Kristy Foster Seachrist lives in Columbiana County raising sheep and horses. She earned her degree from Youngstown State University and has worked in both print and broadcast journalism. You can follow her on Twitter at http://twitter.com/fosterk96. More Stories by Kristy Foster Seachrist

6 Comments

  1. Kim says:

    http://www.facebook.com/pages/Barnesville-Livestock/118637284827044

    Please go to FB for the latest updates on Barnesville Livestock. We are family owned and operated business. We would love to hear from our supporters. Thank you for your kindness and generosity as we work through this last bump in the road.

  2. okiestorm1 says:

    i have had nothing but GOOD results from this auction,,it seems they have goten things taken cared of. this is a very good place to sell and buy animals,,family oriented,nice people and i for one trust them.

  3. exchanter says:

    It is a shame that the government goes after the good guy in this story. I knew the guy from Missouri that caused all of this to happen and he has hurt many livestock producers. The Watson Family have done everything that they can do to prevent this from happening again, but sadly there will be another Garrett trying to make a fast buck. Barnesville Livestock is needed in southeastern Ohio, it’s our turn to help the Watson Family make it in belmont County!

  4. Tom T says:

    It is a shame that the Grain Inspection Packers and Stockyards Administration (GIPSA) has been so neutered that they have to go after the small players in this manner while the big fish swim safely. Custodial Accounts have been a big problem in the past but in this case GIPSA should help small barns in how to avoid that problem with their customer checks clearing than regulatory punishment. Leave that for the big fish. It will never happen as the big fish have the elite paid off to leave them alone.

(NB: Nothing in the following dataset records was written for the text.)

(* Let $X$ be a Banach space as described in the context, let $f\in X$, and assume $\inf_{n\in\mathbb{N}}\|z^n\|>0$. If there exists a sequence $p_n\in\mathcal{P}_n[\mathbb{Z}]$ with $\lim_{n\to\infty}\|f-p_n\|=0$, then $f$ is a polynomial with integer coefficients.
   Context: $\mathbb{D}=\{z\in\mathbb{C}:|z|<1\}$. $X$ is a complex Banach space of functions analytic in $\mathbb{D}$ whose norm $\|\cdot\|$ satisfies: (i) $\|f(\cdot\, e^{it})\|=\|f(\cdot)\|$ for all $t\in\mathbb{R}$ and $f\in X$; (ii) $\|f\|<\infty$ for every entire function $f$; (iii) for all $f\in X$ and $g\in L[0,2\pi]$, $\big\|\frac{1}{2\pi}\int_0^{2\pi} f(ze^{it})g(t)\,dt\big\|\le \frac{1}{2\pi}\int_0^{2\pi}|g(t)|\,dt\cdot\|f\|$. $\|z^n\|$ is the norm in $X$ of $z\mapsto z^n$. A complex number is called an integer if its real and imaginary parts are integers; $\mathcal{P}_n[\mathbb{Z}]$ is the set of complex polynomials of degree at most $n-1$ with integer coefficients in this sense. *)

theory Defs
  imports "HOL-Analysis.Analysis" "HOL-Computational_Algebra.Polynomial"
begin

definition gauss_int :: "complex \<Rightarrow> bool" where
  "gauss_int c \<longleftrightarrow> Re c \<in> \<int> \<and> Im c \<in> \<int>"

text \<open>P_n[Z]: polynomials of degree at most n-1 with Gaussian-integer coefficients
  (for n = 0 only the zero polynomial).\<close>
definition int_polys :: "nat \<Rightarrow> complex poly set" where
  "int_polys n = {q. (\<forall>i. gauss_int (coeff q i)) \<and> (q = 0 \<or> degree q < n)}"

text \<open>The standing assumptions on the space X (a set of functions, elements identified
  by their values on the unit disc) with norm N.\<close>
definition admissible_space ::
  "(complex \<Rightarrow> complex) set \<Rightarrow> ((complex \<Rightarrow> complex) \<Rightarrow> real) \<Rightarrow> bool" where
  "admissible_space X N \<longleftrightarrow>
     \<comment> \<open>functions analytic in the disc\<close>
     (\<forall>f\<in>X. f holomorphic_on ball 0 1) \<and>
     \<comment> \<open>complex linear space\<close>
     (\<lambda>z. 0) \<in> X \<and>
     (\<forall>f\<in>X. \<forall>g\<in>X. (\<lambda>z. f z + g z) \<in> X) \<and>
     (\<forall>f\<in>X. \<forall>c. (\<lambda>z. c * f z) \<in> X) \<and>
     \<comment> \<open>norm axioms\<close>
     (\<forall>f\<in>X. N f \<ge> 0) \<and>
     (\<forall>f\<in>X. N f = 0 \<longleftrightarrow> (\<forall>z\<in>ball 0 1. f z = 0)) \<and>
     (\<forall>f\<in>X. \<forall>g\<in>X. N (\<lambda>z. f z + g z) \<le> N f + N g) \<and>
     (\<forall>f\<in>X. \<forall>c. N (\<lambda>z. c * f z) = norm c * N f) \<and>
     \<comment> \<open>completeness\<close>
     (\<forall>s. (\<forall>n. s n \<in> X) \<longrightarrow>
        (\<forall>e>0. \<exists>M. \<forall>m\<ge>M. \<forall>n\<ge>M. N (\<lambda>z. s m z - s n z) < e) \<longrightarrow>
        (\<exists>l\<in>X. (\<lambda>n. N (\<lambda>z. s n z - l z)) \<longlonglongrightarrow> 0)) \<and>
     \<comment> \<open>(i) rotation invariance\<close>
     (\<forall>f\<in>X. \<forall>t::real. (\<lambda>z. f (z * exp (\<i> * t))) \<in> X \<and>
                        N (\<lambda>z. f (z * exp (\<i> * t))) = N f) \<and>
     \<comment> \<open>(ii) entire functions belong to X (have finite norm)\<close>
     (\<forall>f. f holomorphic_on UNIV \<longrightarrow> f \<in> X) \<and>
     \<comment> \<open>(iii) convolution inequality\<close>
     (\<forall>f\<in>X. \<forall>g::real \<Rightarrow> complex. g absolutely_integrable_on {0..2*pi} \<longrightarrow>
        (let F = (\<lambda>z. (1 / (2*pi)) * integral {0..2*pi} (\<lambda>t. f (z * exp (\<i> * t)) * g t))
         in F \<in> X \<and>
            N F \<le> (1 / (2*pi)) * integral {0..2*pi} (\<lambda>t. norm (g t)) * N f))"

end

theory Submission
  imports Defs
begin

text \<open>The k-th Taylor coefficient of g is recovered by rotating g and integrating against
  the character e^{-ikt}. For g = q_1 - q_2 with Gaussian-integer coefficients, axiom (iii)
  therefore gives |c_k| \<parallel>z^k\<parallel> \<le> \<parallel>q_1 - q_2\<parallel>, so two such polynomials closer than
  \<delta> = inf \<parallel>z^n\<parallel> must coincide (a nonzero Gaussian integer has modulus \<ge> 1).
  Hence the approximating sequence p_n is eventually constant, and its eventual value
  is at distance 0 from f.\<close>

lemma gauss_int_diff: "gauss_int a \<Longrightarrow> gauss_int b \<Longrightarrow> gauss_int (a - b)"
  unfolding gauss_int_def by auto

lemma gauss_int_norm_less_one_eq_0:
  assumes "gauss_int c" "norm c < 1"
  shows "c = 0"
proof -
  obtain a b :: int where "Re c = of_int a" "Im c = of_int b"
    using assms(1) unfolding gauss_int_def by (auto elim!: Ints_cases)
  moreover have "\<bar>Re c\<bar> < 1" "\<bar>Im c\<bar> < 1"
    using assms(2) abs_Re_le_cmod abs_Im_le_cmod by (meson le_less_trans)+
  ultimately have "Re c = 0" "Im c = 0" by auto
  then show ?thesis by (simp add: complex_eq_iff)
qed

lemma has_integral_exp_int_mult:
  fixes j :: int
  shows "((\<lambda>t::real. exp (\<i> * of_int j * of_real t)) has_integral (if j = 0 then 2*pi else 0))
           {0..2*pi}"
proof (cases "j = 0")
  case True
  then show ?thesis
    using has_integral_const_real[of "1::complex" 0 "2*pi"] by (simp add: scaleR_conv_of_real)
next
  case False
  let ?F = "\<lambda>t::real. exp (\<i> * of_int j * of_real t) / (\<i> * of_int j)"
  have "((\<lambda>t::real. exp (\<i> * of_int j * of_real t)) has_integral (?F (2*pi) - ?F 0)) {0..2*pi}"
  proof (rule fundamental_theorem_of_calculus)
    fix x :: real
    have "((\<lambda>w. exp (\<i> * of_int j * w) / (\<i> * of_int j)) has_field_derivative
            exp (\<i> * of_int j * of_real x)) (at (of_real x))"
      using False by (auto intro!: derivative_eq_intros)
    then show "(?F has_vector_derivative exp (\<i> * of_int j * of_real x)) (at x within {0..2*pi})"
      by (rule has_vector_derivative_real_field)
  qed simp
  moreover have "exp (\<i> * of_int j * of_real (2*pi)) = 1"
    using exp_2pi_1_int[of j] by (simp add: mult_ac)
  ultimately show ?thesis using False by simp
qed

lemma poly_rotation_coeff_integral:
  fixes q :: "complex poly"
  shows "(1/(2*pi)) * integral {0..2*pi}
           (\<lambda>t::real. poly q (z * exp (\<i> * t)) * exp (-(\<i> * of_nat k * of_real t)))
         = coeff q k * z ^ k"
proof -
  have expand: "poly q (z * exp (\<i> * t)) * exp (-(\<i> * of_nat k * of_real t)) =
      (\<Sum>i\<le>degree q. coeff q i * z^i * exp (\<i> * of_int (int i - int k) * of_real t))"
    for t :: real
  proof -
    have "exp (\<i> * of_real t) ^ i * exp (-(\<i> * of_nat k * of_real t)) =
          exp (\<i> * of_int (int i - int k) * of_real t)" for i
      by (simp add: exp_of_nat_mult[symmetric] exp_add[symmetric] algebra_simps)
    then show ?thesis
      unfolding poly_altdef sum_distrib_right
      by (intro sum.cong refl) (simp add: power_mult_distrib mult_ac)
  qed
  have "((\<lambda>t::real. \<Sum>i\<le>degree q. coeff q i * z^i * exp (\<i> * of_int (int i - int k) * of_real t))
         has_integral (\<Sum>i\<le>degree q. coeff q i * z^i * (if int i - int k = 0 then 2*pi else 0)))
         {0..2*pi}"
    by (intro has_integral_sum finite_atMost has_integral_mult_right has_integral_exp_int_mult)
  moreover have "(\<Sum>i\<le>degree q. coeff q i * z^i * (if int i - int k = 0 then 2*pi else 0)) =
                 coeff q k * z^k * 2*pi"
    by (cases "k \<le> degree q") (auto simp: coeff_eq_0 if_distrib cong: if_cong)
  ultimately show ?thesis
    by (simp add: expand integral_unique)
qed

context
  fixes X :: "(complex \<Rightarrow> complex) set" and N :: "(complex \<Rightarrow> complex) \<Rightarrow> real"
  assumes X: "admissible_space X N"
begin

lemma admissible_space_entire: "f holomorphic_on UNIV \<Longrightarrow> f \<in> X"
  using X by (simp add: admissible_space_def)

lemma admissible_space_add: "f \<in> X \<Longrightarrow> g \<in> X \<Longrightarrow> (\<lambda>z. f z + g z) \<in> X"
  using X by (simp add: admissible_space_def)

lemma admissible_space_scale: "f \<in> X \<Longrightarrow> (\<lambda>z. c * f z) \<in> X"
  using X by (simp add: admissible_space_def)

lemma admissible_norm_nonneg: "f \<in> X \<Longrightarrow> N f \<ge> 0"
  using X by (simp add: admissible_space_def)

lemma admissible_norm_eq_0_iff: "f \<in> X \<Longrightarrow> N f = 0 \<longleftrightarrow> (\<forall>z\<in>ball 0 1. f z = 0)"
  using X by (simp add: admissible_space_def)

lemma admissible_norm_triangle: "f \<in> X \<Longrightarrow> g \<in> X \<Longrightarrow> N (\<lambda>z. f z + g z) \<le> N f + N g"
  using X by (simp add: admissible_space_def)

lemma admissible_norm_scale: "f \<in> X \<Longrightarrow> N (\<lambda>z. c * f z) = norm c * N f"
  using X by (simp add: admissible_space_def)

lemma admissible_norm_convolution:
  fixes f :: "complex \<Rightarrow> complex" and g :: "real \<Rightarrow> complex"
  assumes "f \<in> X" "g absolutely_integrable_on {0..2*pi}"
  shows "N (\<lambda>z. (1 / (2*pi)) * integral {0..2*pi} (\<lambda>t. f (z * exp (\<i> * t)) * g t))
           \<le> (1 / (2*pi)) * integral {0..2*pi} (\<lambda>t. norm (g t)) * N f"
  using X assms unfolding admissible_space_def Let_def by blast

lemma admissible_space_diff:
  assumes "f \<in> X" "g \<in> X"
  shows "(\<lambda>z. f z - g z) \<in> X"
  using admissible_space_add[OF assms(1) admissible_space_scale[OF assms(2), of "-1"]] by simp

lemma admissible_norm_triangle_diff:
  assumes "f \<in> X" "g \<in> X" "h \<in> X"
  shows "N (\<lambda>z. g z - h z) \<le> N (\<lambda>z. f z - g z) + N (\<lambda>z. f z - h z)"
proof -
  have fg: "(\<lambda>z. f z - g z) \<in> X" and fh: "(\<lambda>z. f z - h z) \<in> X"
    using assms by (auto intro: admissible_space_diff)
  have "N (\<lambda>z. g z - f z) = N (\<lambda>z. f z - g z)"
    using admissible_norm_scale[OF fg, of "-1"] by simp
  moreover have "N (\<lambda>z. g z - h z) \<le> N (\<lambda>z. g z - f z) + N (\<lambda>z. f z - h z)"
    using admissible_norm_triangle[OF admissible_space_diff[OF assms(2,1)] fh] by simp
  ultimately show ?thesis by simp
qed

lemma admissible_poly_in_space: "(\<lambda>z. poly q z) \<in> X"
  by (rule admissible_space_entire) (auto intro!: holomorphic_intros)

lemma admissible_space_power: "(\<lambda>z. z ^ k) \<in> X"
  by (rule admissible_space_entire) (auto intro!: holomorphic_intros)

lemma admissible_norm_coeff_le:
  "norm (coeff q k) * N (\<lambda>z. z ^ k) \<le> N (\<lambda>z. poly q z)"
proof -
  define g where "g = (\<lambda>t::real. exp (-(\<i> * of_nat k * of_real t)))"
  have "g absolutely_integrable_on {0..2*pi}"
    unfolding g_def by (intro absolutely_integrable_continuous_real continuous_intros)
  from admissible_norm_convolution[OF admissible_poly_in_space this]
  have "N (\<lambda>z. (1 / (2*pi)) * integral {0..2*pi} (\<lambda>t. poly q (z * exp (\<i> * t)) * g t))
          \<le> (1 / (2*pi)) * integral {0..2*pi} (\<lambda>t. norm (g t)) * N (\<lambda>z. poly q z)" .
  also have "(\<lambda>z. (1 / (2*pi)) * integral {0..2*pi} (\<lambda>t. poly q (z * exp (\<i> * t)) * g t))
             = (\<lambda>z. coeff q k * z ^ k)"
    unfolding g_def by (rule ext, rule poly_rotation_coeff_integral)
  also have "(\<lambda>t. norm (g t)) = (\<lambda>t. 1)"
    unfolding g_def by (simp add: norm_exp_eq_Re)
  finally have "N (\<lambda>z. coeff q k * z ^ k) \<le> N (\<lambda>z. poly q z)"
    by simp
  then show ?thesis
    by (simp add: admissible_norm_scale[OF admissible_space_power])
qed

lemma admissible_gauss_poly_eq_0:
  assumes "\<And>i. gauss_int (coeff q i)"
    and "\<And>k. \<delta> \<le> N (\<lambda>z. z ^ k)"
    and "N (\<lambda>z. poly q z) < \<delta>"
  shows "q = 0"
proof -
  have "coeff q k = 0" for k
  proof (rule gauss_int_norm_less_one_eq_0)
    have "norm (coeff q k) * \<delta> \<le> norm (coeff q k) * N (\<lambda>z. z ^ k)"
      by (intro mult_left_mono assms(2)) auto
    also have "\<dots> < \<delta>"
      using admissible_norm_coeff_le assms(3) by (rule le_less_trans)
    finally have "norm (coeff q k) * \<delta> < \<delta>" .
    moreover have "\<delta> > 0"
      using assms(3) admissible_norm_nonneg[OF admissible_poly_in_space, of q] by linarith
    ultimately show "norm (coeff q k) < 1"
      by (simp add: mult_less_cancel_right2)
  qed (fact assms(1))
  then show ?thesis by (simp add: poly_eq_iff)
qed

lemma admissible_norm_power_ge_INF: "(INF n. N (\<lambda>z. z ^ n)) \<le> N (\<lambda>z. z ^ k)"
  by (intro cINF_lower bdd_belowI[where m=0])
    (auto intro: admissible_norm_nonneg[OF admissible_space_power])

lemma admissible_gauss_poly_approx_eventually_const:
  fixes p :: "nat \<Rightarrow> complex poly"
  assumes "f \<in> X"
    and "\<And>k. \<delta> \<le> N (\<lambda>z. z ^ k)" "\<delta> > 0"
    and "\<And>n i. gauss_int (coeff (p n) i)"
    and "(\<lambda>n. N (\<lambda>z. f z - poly (p n) z)) \<longlonglongrightarrow> 0"
  obtains n0 where "\<And>n. n \<ge> n0 \<Longrightarrow> p n = p n0"
proof -
  define err where "err n = N (\<lambda>z. f z - poly (p n) z)" for n
  have "0 < \<delta> / 2"
    using assms(3) by simp
  from order_tendstoD(2)[OF assms(5) this]
  have "eventually (\<lambda>n. err n < \<delta> / 2) sequentially"
    unfolding err_def .
  then obtain n0 where n0: "\<And>n. n \<ge> n0 \<Longrightarrow> err n < \<delta> / 2"
    unfolding eventually_sequentially by blast
  have "p n = p n0" if "n \<ge> n0" for n
  proof -
    have "N (\<lambda>z. poly (p n - p n0) z) \<le> err n + err n0"
      using admissible_norm_triangle_diff[OF assms(1) admissible_poly_in_space admissible_poly_in_space]
      by (simp add: err_def)
    also have "\<dots> < \<delta>"
      using n0[OF that] n0[of n0] by simp
    finally have "N (\<lambda>z. poly (p n - p n0) z) < \<delta>" .
    moreover have "gauss_int (coeff (p n - p n0) i)" for i
      unfolding coeff_diff by (rule gauss_int_diff[OF assms(4) assms(4)])
    ultimately have "p n - p n0 = 0"
      by (rule admissible_gauss_poly_eq_0[OF _ assms(2), rotated])
    then show ?thesis by simp
  qed
  then show ?thesis by (rule that)
qed

end

theorem theorem5p1:
  fixes X :: "(complex \<Rightarrow> complex) set" and N :: "(complex \<Rightarrow> complex) \<Rightarrow> real"
    and f :: "complex \<Rightarrow> complex" and p :: "nat \<Rightarrow> complex poly"
  assumes "admissible_space X N"
    and "f \<in> X"
    and "(INF n::nat. N (\<lambda>z. z ^ n)) > 0"
    and "\<forall>n. p n \<in> int_polys n"
    and "(\<lambda>n. N (\<lambda>z. f z - poly (p n) z)) \<longlonglongrightarrow> 0"
  shows "\<exists>q. (\<forall>i. gauss_int (coeff q i)) \<and> (\<forall>z\<in>ball 0 1. f z = poly q z)"
proof -
  note X = assms(1)
  have gauss: "gauss_int (coeff (p n) i)" for n i
    using assms(4) unfolding int_polys_def by blast
  obtain n0 where const: "\<And>n. n \<ge> n0 \<Longrightarrow> p n = p n0"
    using admissible_gauss_poly_approx_eventually_const[OF X assms(2)
        admissible_norm_power_ge_INF[OF X] assms(3) gauss assms(5)] by blast
  have "eventually (\<lambda>n. N (\<lambda>z. f z - poly (p n) z) = N (\<lambda>z. f z - poly (p n0) z)) sequentially"
    unfolding eventually_sequentially using const by (intro exI[of _ n0]) (metis (no_types))
  then have "(\<lambda>n. N (\<lambda>z. f z - poly (p n) z)) \<longlonglongrightarrow> N (\<lambda>z. f z - poly (p n0) z)"
    by (rule tendsto_eventually)
  then have "N (\<lambda>z. f z - poly (p n0) z) = 0"
    using assms(5) by (rule LIMSEQ_unique)
  then have "\<forall>z\<in>ball 0 1. f z = poly (p n0) z"
    using admissible_norm_eq_0_iff[OF X admissible_space_diff[OF X assms(2) admissible_poly_in_space[OF X]]]
    by simp
  then show ?thesis
    using gauss by blast
qed

end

    If the only deceptive practice GIPSA can enforce is custodial account problems then on the little players then the this regulatory agency will not live up to the law it is supposed to be enforcing so families are treated fairly in the market place.

    What a shame, elite politicians, for castrating an agency such as GIPSA to be another non effective government bureaucracy. It is just another fake for the public’s eye while the larger economic issues of market power abuse go unchallenged.

    I guess we have the best Congress money for selling out yet another government agency.

    Tom T.

  5. Brian W says:

    Southeast Ohio is very lucky to have the Watson Family running Barnesville Livestock. There have been many improvements to the sale since they took over and it is a quality operation. It is a tremendous asset for the majority of area farmers that work off farm jobs to be able to market livestock locally, and on a Saturday, close to home. The Watsons are honest hardworking people who have provided a community service for not just Barnseville, but the surrounding counties. I look forward to the sale re-opening April 7. I wish the best of luck to B.L.

  6. Barn Owner says:

    I am sorry but none of you know what you are talking about. We have gone through the same problem and the Packers and Stockyards act is there to protect the customers. If you don’t know how to manage your accounts properly they should fine you and you never allow people that are not bonded and have not paid for the animals to take the animals from place. Use your common sense, especially when its several hundred thousand dollars and your butt on the line. You know the laws, follow them.